Referring to the decisions of the Supreme Court of Oregon, we find that in that state it has been held that possession cannot be adverse to an entryman under the general land laws so long as the legal title remains in the United States. In Joy v. Stump, 14 Or. 361, 12 P. 929, it was said that possession, in order to be adverse, must be exclusive. In Altschul v. O’Neill, 35 Or. 202, 58 P. 95— a case decided before the enactment of the Code of Alaska —upon a careful and well-considered review of the authorities, it was held that to constitute adverse possession there must be, among other requisites, an entry under claim of right hostile to the true owner and to the world, and that an occupant of land cannot hold adversely while he admits the title to be in the United States; thus adopting the doctrine of the United States courts in Ward v. Cochran, 150 U.S. 597, 14 S.Ct. 230, 37 L.Ed. 1195, Henshaw v. Bissell, 18 Wall. 255, 21 L.Ed. 835, Bracken v. Union Pacific Ry. Co., 75 F. 347, 21 C.C.A. 387, and Pillow v. Roberts, 13 Flow. 472, 14 L.Ed. 228, in which it was said that possession, in order to be adverse, must be adverse to all the world. We are compelled to hold, therefore, that there was no possession of the disputed premises adverse to the plaintiff in error prior to the date of the issuance of the patent to its mining claim. If there was no adverse possession, there was no disseisin, and until disseisin the statute of limitations of Alaska could not begin to run. In United States v. Arredondo, 6 Pet. 743, 8 L.Ed. 547, the court said: “The law deems every man to be in the legal seisin and possession of land to which he has a perfect and complete title. This seisin and possession is coextensive with his right, and continues till he is ousted thereof by an actual adverse possession.”

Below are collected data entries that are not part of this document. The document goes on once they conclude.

(* Let $G$ be a finite group and $X$ a finite $G$-poset. For $n\ge1$, $X^{(n)}/G$ is contractible if and only if $X'/G$ is contractible. If $X$ satisfies property (B), then $X^{(n)}/G$ is contractible if and only if $X/G$ is contractible.
   Context: Finite posets are regarded as finite $T_0$ topological spaces whose open sets are the down-sets; "contractible" refers to this topology. A finite $G$-poset is a finite poset with a right action of $G$ by order-preserving maps. $Y'$ is the poset of non-empty chains of $Y$ ordered by inclusion, $Y^{(n)}$ the $n$-th iterated subdivision. $Y/G$ is the orbit poset: $\overline{y}\le\overline{z}$ iff some representatives satisfy $y_1\le z_1$. $X$ satisfies property (B) if whenever $\{v_0,\dots,v_n\}$ and $\{v_0^{g_0},\dots,v_n^{g_n}\}$ are both chains of $X$ with $g_i\in G$, there is $g\in G$ with $v_i^{g_i}=v_i^g$ for all $i$. *)

theory Defs
  imports "HOL-Analysis.Analysis" "HOL-Library.FSet" "HOL-Algebra.Group"
begin

definition poset_topology :: "'b set \<Rightarrow> ('b \<Rightarrow> 'b \<Rightarrow> bool) \<Rightarrow> 'b topology" where
  "poset_topology P r = topology (\<lambda>U. U \<subseteq> P \<and> (\<forall>x\<in>U. \<forall>y\<in>P. r y x \<longrightarrow> y \<in> U))"

lemma istopology_downsets:
  "istopology (\<lambda>U. U \<subseteq> P \<and> (\<forall>x\<in>U. \<forall>y\<in>P. r y x \<longrightarrow> y \<in> U))"
  unfolding istopology_def by blast

definition finite_G_poset ::
  "('g, 'm) monoid_scheme \<Rightarrow> 'a set \<Rightarrow> ('a \<Rightarrow> 'a \<Rightarrow> bool) \<Rightarrow> ('a \<Rightarrow> 'g \<Rightarrow> 'a) \<Rightarrow> bool" where
  "finite_G_poset G X leq act \<longleftrightarrow>
     group G \<and> finite (carrier G) \<and> finite X \<and>
     (\<forall>x\<in>X. leq x x) \<and>
     (\<forall>x\<in>X. \<forall>y\<in>X. leq x y \<and> leq y x \<longrightarrow> x = y) \<and>
     (\<forall>x\<in>X. \<forall>y\<in>X. \<forall>z\<in>X. leq x y \<and> leq y z \<longrightarrow> leq x z) \<and>
     (\<forall>x\<in>X. \<forall>g\<in>carrier G. act x g \<in> X) \<and>
     (\<forall>x\<in>X. act x \<one>\<^bsub>G\<^esub> = x) \<and>
     (\<forall>x\<in>X. \<forall>g\<in>carrier G. \<forall>h\<in>carrier G. act x (g \<otimes>\<^bsub>G\<^esub> h) = act (act x g) h) \<and>
     (\<forall>x\<in>X. \<forall>y\<in>X. \<forall>g\<in>carrier G. leq x y \<longrightarrow> leq (act x g) (act y g))"

definition gorbit :: "('g, 'm) monoid_scheme \<Rightarrow> ('b \<Rightarrow> 'g \<Rightarrow> 'b) \<Rightarrow> 'b \<Rightarrow> 'b set" where
  "gorbit G act y = (\<lambda>g. act y g) ` carrier G"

The ruling of the court below in holding that the possession' of the defendant in error was adverse prior to the time of the issuance of the patent was based upon the consideration that the laws regulating the disposal of *365mineral land are essentially different from those that control the disposal of agricultural lands, and confer upon the locator of a mineral claim an estate of such a nature as to render inapplicable thereto the doctrine that the statute of limitations begins to run only from the time of the issuance of the patent. It is true that the locator of a mineral claim has, prior to the issuance of the final receiver’s receipt, a broader control over his claim, and a higher estate therein than an entryman of agricultural land. But after full compliance with all of the conditions upon which a patent is authorized to be issued, there is no perceptible difference in the two estates. In cases where the question has been presented for adjudication, the courts have uniformly held that the statute of limitations does not begin to run against the claimant of a mining claim before his patent issues. Nessler v. Bigelow, 60 Cal. 98; South End Mining Co. v. Tinney et al., 22 Nev. 221, 38 P. 401; King v. Thomas, 6 Mont. 409, 12 P. 865; Weibold v. Davis, 7 Mont. 107, 14 P. 865; Mayer v. Carothers, 14 Mont. 274, 36 P. 182; Clark v. Barnard, 15 Mont. 176, 38 P. 834; Misc. v. O’Shea, 37 Or. 231, 62 P. 491, 82 Am. St.Rep. 751.

It follows that the judgment of the court below must be reversed and the cause remanded, with instruction to enter a judgment for the plaintiff in error.